If you have some real world example with this explained, it is more than welcome. I read some articles, but all in theory. If I try something on a simple example, I get some unexpected results, in terms of performance.

Here is a code

object RedisService {
  case class Get(key: String)
  case class GetSC(key: String)
}

class RedisService extends Actor {
  private val host = config.getString("redis.host")
  private val port = config.getInt("redis.port")

  var currentConnection = 0

  val redis = Redis()

  implicit val ec = context.system.dispatchers.lookup("redis.dispatchers.fork-join")

  override def receive: Receive = {
    case GetSC(key) => {
      val sen = sender()

      sen ! ""
    }
  }
}

Caller:

    val as = ActorSystem("test")
    implicit val ec = as.dispatchers.lookup("redis.dispatchers.fork-join")

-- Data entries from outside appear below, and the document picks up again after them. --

lemma sorted_circle_packing_bound:
  fixes x h :: "nat \<Rightarrow> real"
  assumes sorted: "\<And>i j. i \<le> j \<Longrightarrow> j \<le> Suc k \<Longrightarrow> x i \<le> x j"
    and separated: "\<And>i j. i \<le> Suc k \<Longrightarrow> j \<le> Suc k \<Longrightarrow> i \<noteq> j \<Longrightarrow>
      h i + h j \<le> circle_dist L (x i) (x j)"
  shows "2 * (\<Sum>i<Suc (Suc k). h i) \<le> L"
proof -
  have gap: "h i + h (Suc i) \<le> x (Suc i) - x i" if "i < Suc k" for i
    using separated[of i "Suc i"] sorted[of i "Suc i"] that by (simp add: circle_dist_def)
  have wrap: "h (Suc k) + h 0 \<le> L - (x (Suc k) - x 0)"
    using separated[of "Suc k" 0] sorted[of 0 "Suc k"] by (simp add: circle_dist_def)
  have "(\<Sum>i<Suc k. h i + h (Suc i)) \<le> (\<Sum>i<Suc k. x (Suc i) - x i)"
    using gap by (intro sum_mono) auto
  also have "\<dots> = x (Suc k) - x 0"
    by (rule sum_lessThan_telescope)
  finally have "(\<Sum>i<Suc k. h i + h (Suc i)) \<le> x (Suc k) - x 0" .
  moreover have "(\<Sum>i<Suc (Suc k). h i) = (\<Sum>i<Suc k. h i) + h (Suc k)"
    and "(\<Sum>i<Suc (Suc k). h i) = h 0 + (\<Sum>i<Suc k. h (Suc i))"
    by (rule sum.lessThan_Suc, rule sum.lessThan_Suc_shift)
  ultimately show ?thesis
    using wrap by (simp add: sum.distrib)
qed

lemma circle_packing_bound:
  fixes E :: "'a set" and A h :: "'a \<Rightarrow> real"
  assumes "finite E" and "0 \<le> L"
    and h: "\<And>e. e \<in> E \<Longrightarrow> 0 \<le> h e \<and> h e \<le> L / 2"
    and separated: "\<And>e f. e \<in> E \<Longrightarrow> f \<in> E \<Longrightarrow> e \<noteq> f \<Longrightarrow> 0 < h e \<Longrightarrow> 0 < h f \<Longrightarrow>
      h e + h f \<le> circle_dist L (A e) (A f)"
  shows "2 * (\<Sum>e\<in>E. h e) \<le> L"
proof -
  define E' where "E' = {e\<in>E. 0 < h e}"
  have "finite E'"
    using \<open>finite E\<close> by (simp add: E'_def)
  then obtain xs0 where "distinct xs0" "set xs0 = E'"
    using finite_distinct_list by blast
  define xs where "xs = sort_key A xs0"
  have xs: "distinct xs" "set xs = E'" "sorted (map A xs)"
    using \<open>distinct xs0\<close> \<open>set xs0 = E'\<close> by (simp_all add: xs_def)
  have in_E': "i < length xs \<Longrightarrow> xs ! i \<in> E'" for i
    using xs(2) nth_mem by blast
  have "(\<Sum>e\<in>E. h e) = (\<Sum>e\<in>E'. h e)"
    unfolding E'_def
    by (rule sum.mono_neutral_right) (use \<open>finite E\<close> h in \<open>auto simp: order.order_iff_strict\<close>)
  also have "\<dots> = sum_list (map h xs)"
    using xs(1,2) by (simp add: sum_list_distinct_conv_sum_set)
  also have "\<dots> = (\<Sum>i<length xs. h (xs ! i))"
    by (simp add: sum_list_sum_nth atLeast0LessThan)
  finally have sum_eq: "(\<Sum>e\<in>E. h e) = (\<Sum>i<length xs. h (xs ! i))" .
  consider "length xs = 0" | "length xs = 1" | k where "length xs = Suc (Suc k)"
    by (metis One_nat_def not0_implies_Suc)
  then show ?thesis
  proof cases
    case 1
    then show ?thesis using sum_eq \<open>0 \<le> L\<close> by simp
  next
    case 2
    then show ?thesis using sum_eq h[of "xs ! 0"] in_E'[of 0] by (simp add: E'_def)
  next
    case 3
    have "2 * (\<Sum>i<Suc (Suc k). h (xs ! i)) \<le> L"
    proof (rule sorted_circle_packing_bound)
      fix i j assume "i \<le> j" "j \<le> Suc k"
      then show "A (xs ! i) \<le> A (xs ! j)"
        using sorted_nth_mono[OF xs(3), of i j] 3 by simp
    next
      fix i j assume "i \<le> Suc k" "j \<le> Suc k" "i \<noteq> j"
      then show "h (xs ! i) + h (xs ! j) \<le> circle_dist L (A (xs ! i)) (A (xs ! j))"
        using separated in_E' xs(1) 3 by (simp add: E'_def nth_eq_iff_index_eq)
    qed
    then show ?thesis
      using sum_eq 3 by simp
  qed
qed
lemma fa_lin_sym2_antisym2_eq_0:
  fixes G :: "nat list \<Rightarrow> 'k::field_char_0 lie"
  assumes "finite (fa_supp p)" "antisym2 p"
    and G_sym: "\<And>a b. G [a, b] = G [b, a]" and G_deg: "\<And>w. length w \<noteq> 2 \<Longrightarrow> G w = 0"
  shows "fa_lin G p = 0"
proof (rule lie_eq_neg_self_imp_zero)
  let ?S = "fa_supp p \<union> rev ` fa_supp p"
  have rev_S: "rev ` ?S = ?S"
    by (simp add: image_Un image_image Un_commute)
  have rev_term: "sc (p (rev w)) (G (rev w)) = - sc (p w) (G w)" for w
  proof (cases "length w = 2")
    case True
    then obtain a b where "w = [a, b]"
      by (auto simp: numeral_2_eq_2 length_Suc_conv)
    moreover have "p [b, a] = - p [a, b]"
      using \<open>antisym2 p\<close> unfolding antisym2_def by blast
    ultimately show ?thesis
      using G_sym[of b a] by simp
  next
    case False
    then show ?thesis
      by (simp add: G_deg)
  qed
  have lin_S: "fa_lin G p = (\<Sum>w\<in>?S. sc (p w) (G w))"
    by (rule fa_lin_eq_sum_superset) (use assms(1) in auto)
  also have "\<dots> = (\<Sum>w\<in>rev ` ?S. sc (p w) (G w))"
    by (simp only: rev_S)
  also have "\<dots> = (\<Sum>w\<in>?S. sc (p (rev w)) (G (rev w)))"
    by (simp add: sum.reindex inj_on_def)
  also have "\<dots> = - fa_lin G p"
    by (simp add: rev_term sum_negf lin_S)
  finally show "fa_lin G p = - fa_lin G p" .
qed

definition dynkin_defect :: "nat list \<Rightarrow> nat list \<Rightarrow> 'k::field lie" where
  "dynkin_defect u v = dynkin (u @ v) - dynkin (v @ u) - br (dynkin u) (dynkin v)"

    val service = as.actorOf(Props(new RedisService()), "redis_service")

    var sumTime = 0L
    val futures: Seq[Future[Any]] = (0 until 4).flatMap { index =>
      terminalIds.map { terminalId =>
        val future = getRedisSymbolsAsyncSCActor(terminalId)

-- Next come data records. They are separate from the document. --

lemma emeasure_distr_pair_pmf_of_set:
  assumes M1: "sigma_finite_measure M1" and M2: "sigma_finite_measure M2"
    and P: "finite P" "P \<noteq> {}"
    and f: "f \<in> measurable (M1 \<Otimes>\<^sub>M (M2 \<Otimes>\<^sub>M measure_pmf (pmf_of_set P))) N" and A: "A \<in> sets N"
  shows "emeasure (distr (M1 \<Otimes>\<^sub>M (M2 \<Otimes>\<^sub>M measure_pmf (pmf_of_set P))) N f) A
    = (\<Sum>\<sigma>\<in>P. emeasure (distr (M1 \<Otimes>\<^sub>M M2) N (\<lambda>z. f (fst z, snd z, \<sigma>))) A) / card P"
proof -
  have slice: "(\<lambda>z. f (fst z, snd z, \<sigma>)) \<in> measurable (M1 \<Otimes>\<^sub>M M2) N" for \<sigma>
    by (rule measurable_compose[OF _ f]) simp
  have "emeasure (distr (M1 \<Otimes>\<^sub>M (M2 \<Otimes>\<^sub>M measure_pmf (pmf_of_set P))) N f) A
      = (\<integral>\<^sup>+z. indicator A (f z) \<partial>(M1 \<Otimes>\<^sub>M (M2 \<Otimes>\<^sub>M measure_pmf (pmf_of_set P))))"
    using f A by (simp add: nn_integral_distr[symmetric])
  also have "\<dots> = (\<Sum>\<sigma>\<in>P. \<integral>\<^sup>+z. indicator A (f (fst z, snd z, \<sigma>)) \<partial>(M1 \<Otimes>\<^sub>M M2)) / card P"
    using f A by (intro nn_integral_pair_pmf_of_set M1 M2 P) simp
  also have "\<dots> = (\<Sum>\<sigma>\<in>P. emeasure (distr (M1 \<Otimes>\<^sub>M M2) N (\<lambda>z. f (fst z, snd z, \<sigma>))) A) / card P"
  proof -
    have "emeasure (distr (M1 \<Otimes>\<^sub>M M2) N (\<lambda>z. f (fst z, snd z, \<sigma>))) A
        = (\<integral>\<^sup>+z. indicator A (f (fst z, snd z, \<sigma>)) \<partial>(M1 \<Otimes>\<^sub>M M2))" for \<sigma>
      using nn_integral_distr[OF slice[of \<sigma>], of "indicator A"] A by simp
    then show ?thesis
      by simp
  qed
  finally show ?thesis .
qed

lemma emeasure_density_sum_divide:
  assumes "finite P" and w: "\<And>\<sigma>. \<sigma> \<in> P \<Longrightarrow> w \<sigma> \<in> borel_measurable M" and A: "A \<in> sets M"
  shows "(\<Sum>\<sigma>\<in>P. emeasure (density M (w \<sigma>)) A) / c = emeasure (density M (\<lambda>x. (\<Sum>\<sigma>\<in>P. w \<sigma> x) / c)) A"
proof -
  have wA: "(\<lambda>x. w \<sigma> x * indicator A x) \<in> borel_measurable M" if "\<sigma> \<in> P" for \<sigma>
    using w[OF that] A by (intro borel_measurable_times_ennreal borel_measurable_indicator)
  then have sum: "(\<lambda>x. (\<Sum>\<sigma>\<in>P. w \<sigma> x) * indicator A x) \<in> borel_measurable M"
    by (simp add: sum_distrib_right borel_measurable_sum)
  have "(\<Sum>\<sigma>\<in>P. emeasure (density M (w \<sigma>)) A) = (\<integral>\<^sup>+x. (\<Sum>\<sigma>\<in>P. w \<sigma> x) * indicator A x \<partial>M)"
    using w A by (simp add: emeasure_density sum_distrib_right nn_integral_sum[OF wA])
  also have "\<dots> / c = (\<integral>\<^sup>+x. (\<Sum>\<sigma>\<in>P. w \<sigma> x) * indicator A x / c \<partial>M)"
    by (rule nn_integral_divide[OF sum, symmetric])
  also have "\<dots> = emeasure (density M (\<lambda>x. (\<Sum>\<sigma>\<in>P. w \<sigma> x) / c)) A"
    using w A by (simp add: emeasure_density divide_ennreal_def mult_ac)
  finally show ?thesis .
qed

lemma sets_iid:
  assumes "sets D = sets borel"
  shows "sets (iid D n) = sets (PiM {..<n} (\<lambda>_. borel))"
  unfolding iid_def by (rule sets_PiM_cong) (simp_all add: assms)

lemma prob_space_iid: "prob_space D \<Longrightarrow> prob_space (iid D n)"
  unfolding iid_def by (rule prob_space_PiM)

definition VS_weight :: "(real^'d) measure \<Rightarrow> nat \<Rightarrow> nat set \<Rightarrow> (nat \<Rightarrow> real^'d) \<Rightarrow> ennreal" where
  "VS_weight D n T w =
    ennreal (det (scatter T w) / (fact CARD('d) * real (n choose CARD('d)) * det (second_moment D)))"

lemma VS_eq_density: "VS D n = density (iid D n) (VS_weight D n {..<n})"
  by (simp add: VS_def VS_weight_def[abs_def] scatter_def)

lemma borel_measurable_VS_weight:
  assumes "sets D = sets borel" "T \<subseteq> {..<k}"
  shows "VS_weight D n T \<in> borel_measurable (iid D k)"
  unfolding VS_weight_def measurable_cong_sets[OF sets_iid[OF assms(1)] refl]
  by (intro measurable_compose[OF _ measurable_ennreal] borel_measurable_divide
      borel_measurable_const borel_measurable_det_scatter assms(2))

lemma sets_VS:
  assumes "sets D = sets borel"
  shows "sets (VS D n) = sets (PiM {..<n} (\<lambda>_. borel))"
  using sets_iid[OF assms] by (simp add: VS_def)

lemma sigma_finite_VS:
  assumes "prob_space D" "sets D = sets borel"
  shows "sigma_finite_measure (VS D n)"
proof -
  interpret sigma_finite_measure "iid D n"
    by (rule prob_space_imp_sigma_finite[OF prob_space_iid[OF assms(1)]])
  show ?thesis
    unfolding VS_eq_density
    by (subst sigma_finite_iff_density_finite) (simp_all add: borel_measurable_VS_weight assms VS_weight_def)
qed

lemma ennreal_fact: "ennreal (fact n) = fact n"
  by (metis ennreal_of_nat_eq_real_of_nat of_nat_fact)

lemma sum_ennreal_divide:
  assumes "\<And>i. i \<in> I \<Longrightarrow> 0 \<le> a i"
  shows "(\<Sum>i\<in>I. ennreal (a i / c)) = ennreal ((\<Sum>i\<in>I. a i) / c)"
  using assms by (simp add: divide_inverse ennreal_mult' sum_nonneg sum_distrib_right[symmetric])

lemma sum_VS_weight_permutes:
  fixes D :: "(real^'d) measure"
  assumes dk: "CARD('d) \<le> k"
  shows "(\<Sum>\<sigma> | \<sigma> permutes {..<k}. VS_weight D CARD('d) (\<sigma> -` {k - CARD('d)..<k}) w) / fact k
    = VS_weight D k {..<k} w"
proof -
  let ?d = "CARD('d)" and ?B = "{k - CARD('d)..<k}"
  let ?c = "fact ?d * det (second_moment D)"
  have B: "?B \<subseteq> {..<k}"
    by auto
  have nonneg: "0 \<le> det (scatter (\<sigma> -` ?B) w)" if "\<sigma> permutes {..<k}" for \<sigma>
  proof -
    have "\<sigma> -` ?B \<subseteq> {..<k}"
      using that by (intro permutes_vimage_subset(1)) auto
    then show ?thesis
      by (intro det_scatter_nonneg) (rule finite_subset, auto)
  qed
  have "(\<Sum>\<sigma> | \<sigma> permutes {..<k}. VS_weight D ?d (\<sigma> -` ?B) w)
      = ennreal ((\<Sum>\<sigma> | \<sigma> permutes {..<k}. det (scatter (\<sigma> -` ?B) w)) / ?c)"
    unfolding VS_weight_def by simp (rule sum_ennreal_divide, simp add: nonneg)
  also have "(\<Sum>\<sigma> | \<sigma> permutes {..<k}. det (scatter (\<sigma> -` ?B) w))
      = fact k / real (k choose ?d) * det (scatter {..<k} w)"
    using sum_permutes_vimage[OF finite_lessThan B, of "\<lambda>T. det (scatter T w)"] dk
    by (simp add: cauchy_binet_scatter)
  also have "fact k / real (k choose ?d) * det (scatter {..<k} w) / ?c
      = fact k * (det (scatter {..<k} w) / (fact ?d * real (k choose ?d) * det (second_moment D)))"
    by (simp add: field_simps)
  also have "ennreal \<dots> = fact k * VS_weight D k {..<k} w"
    by (simp only: VS_weight_def ennreal_mult'[OF fact_ge_zero] ennreal_fact)
  finally have "(\<Sum>\<sigma> | \<sigma> permutes {..<k}. VS_weight D ?d (\<sigma> -` ?B) w) = fact k * VS_weight D k {..<k} w" .
  moreover have "(fact k :: ennreal) \<noteq> 0" "(fact k :: ennreal) \<noteq> top"
    by (simp_all flip: ennreal_fact)
  ultimately show ?thesis
    by (simp add: mult.commute[of "fact k"] ennreal_mult_divide_eq)
qed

        val s = System.currentTimeMillis()
        future.onComplete {
          case Success(r) => {
            val duration = System.currentTimeMillis() - s
            logger.info(s"got redis symbols async in ${duration} ms: ${r}")
            sumTime = sumTime + duration
          }
          case Failure(ex) => logger.error(s"Failure on getting Redis symbols: ${ex.getMessage}", ex)
        }

        future
      }
    }

    val f = Future.sequence(futures)


    f.onComplete {
      case Success(r) => logger.info(s"Mean time: ${sumTime / (4 * terminalIds.size)}")
      case Failure(ex) => logger.error(s"error: ${ex.getMessage}")
    }

The code is pretty basic, just to test how it behaves.

1

1 Answers

3
votes

It's a little unclear to me what you're specifically asking, but I'll take a stab.

If your dispatcher(s) (and, if what the actor is doing is CPU/memory- vs. IO-bound, actual number of cores available (note that this gets hazier the more virtualization (thank you, oversubscribed host CPU...) and containerization (thank you share- and quota-based cgroup limits) comes into play)) allows m actors to be processing simultaneously and you rarely/never have more than n actors with a message to handle (m > n), trying to increase parallelism via dispatcher settings won't gain you anything. (Note that in the foregoing, any task scheduled on the dispatcher(s), e.g. a Future callback, is effectively the same thing as an actor).

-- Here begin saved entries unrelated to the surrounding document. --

lemma riesz_representation:
  fixes f :: "'a::chilbert_space \<Rightarrow> complex"
  assumes add: "\<And>x y. f (x + y) = f x + f y"
    and scal: "\<And>c x. f (scaleC c x) = c * f x"
    and bnd: "\<And>x. norm (f x) \<le> norm x * K"
  shows "\<exists>z. \<forall>y. f y = cinner z y"
proof (cases "\<forall>y. f y = 0")
  case False
  then obtain u where u: "f u \<noteq> 0" by blast
  have "bounded_linear f"
    using scal[of "of_real r" for r]
    by (intro bounded_linear_intro[of _ K] add bnd) (simp add: scaleR_scaleC scaleR_conv_of_real)
  then have lin: "linear f" by (rule bounded_linear.linear)
  define Ker where "Ker = {y. f y = 0}"
  have "csubspace Ker"
    unfolding Ker_def csubspace_def by (simp add: add scal linear_0[OF lin])
  moreover have "closed Ker"
    unfolding Ker_def
    by (intro closed_Collect_eq continuous_on_const bounded_linear.continuous_on[OF \<open>bounded_linear f\<close>]
        continuous_on_id)
  ultimately obtain p where p: "p \<in> Ker" "\<And>m. m \<in> Ker \<Longrightarrow> cinner m (u - p) = 0"
    using closed_csubspace_orthogonal_decomposition[of Ker u] by blast
  define w where "w = u - p"
  have fw: "f w = f u" using p(1) by (simp add: w_def Ker_def linear_diff[OF lin])
  have "w \<noteq> 0" using fw u by (metis linear_0[OF lin])
  have orth: "\<And>m. m \<in> Ker \<Longrightarrow> cinner w m = 0"
    using p(2) by (simp add: w_def cinner_orthogonal_swap)
  show ?thesis
  proof (intro exI allI)
    fix y
    have "y - scaleC (f y / f w) w \<in> Ker"
      using fw u by (simp add: Ker_def linear_diff[OF lin] scal)
    then have "cinner w (y - scaleC (f y / f w) w) = 0" by (rule orth)
    then have "cinner w y = (f y / f w) * of_real ((norm w)\<^sup>2)"
      by (simp add: cinner_diff_right cinner_scaleC_right cinner_self_eq_norm_power2)
    then show "f y = cinner (scaleC (cnj (f w) / of_real ((norm w)\<^sup>2)) w) y"
      using \<open>w \<noteq> 0\<close> fw u by (simp add: cinner_scaleC_left field_simps)
  qed
qed (auto intro: exI[of _ 0])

n in the previous paragraph is obviously at most the number of actors in the application/dispatcher (depending on what scope we want to look at things: I'll note that every dispatcher over two (one for actors and futures that don't block and one for those that do) is stronger smell (if on Akka 2.5, it's probably a decent idea to adapt some of the 2.6 changes around default dispatcher settings and running things like remoting/cluster in their own dispatcher so they don't get starved out; note also that Alpakka Kafka uses its own dispatcher by default: I wouldn't count those against the two), so in general more actors implies more parallelism implies more core utilization. Actors are comparatively cheap, relative to threads so a profusion of them isn't a huge matter for concern.

Singleton actors (whether at node or cluster (or even, in really extreme cases, entity) level) can do a lot to limit overall parallelism and throughput: the one-message-at-a-time restriction can be a very effective throttle (sometimes that's what you want, often it's not). So don't be afraid to create short-lived actors that do one high-level thing (they can definitely process more than one message) and then stop (note that many simple cases of this can be done in a slightly more lightweight way via futures). If they're interacting with some external service, having them be children of a router actor which spawns new children if the existing ones are all busy (etc.) is probably worth doing: this router is a singleton, but as long as it doesn't spend a lot of time processing any message, the chances of it throttling the system are low. Your RedisService might be a good candidate for this sort of thing.

Note also that performance and scalability aren't always one and the same and improving one diminishes the other. Akka is often somewhat willing to trade performance in the small for reduced degradation in the large.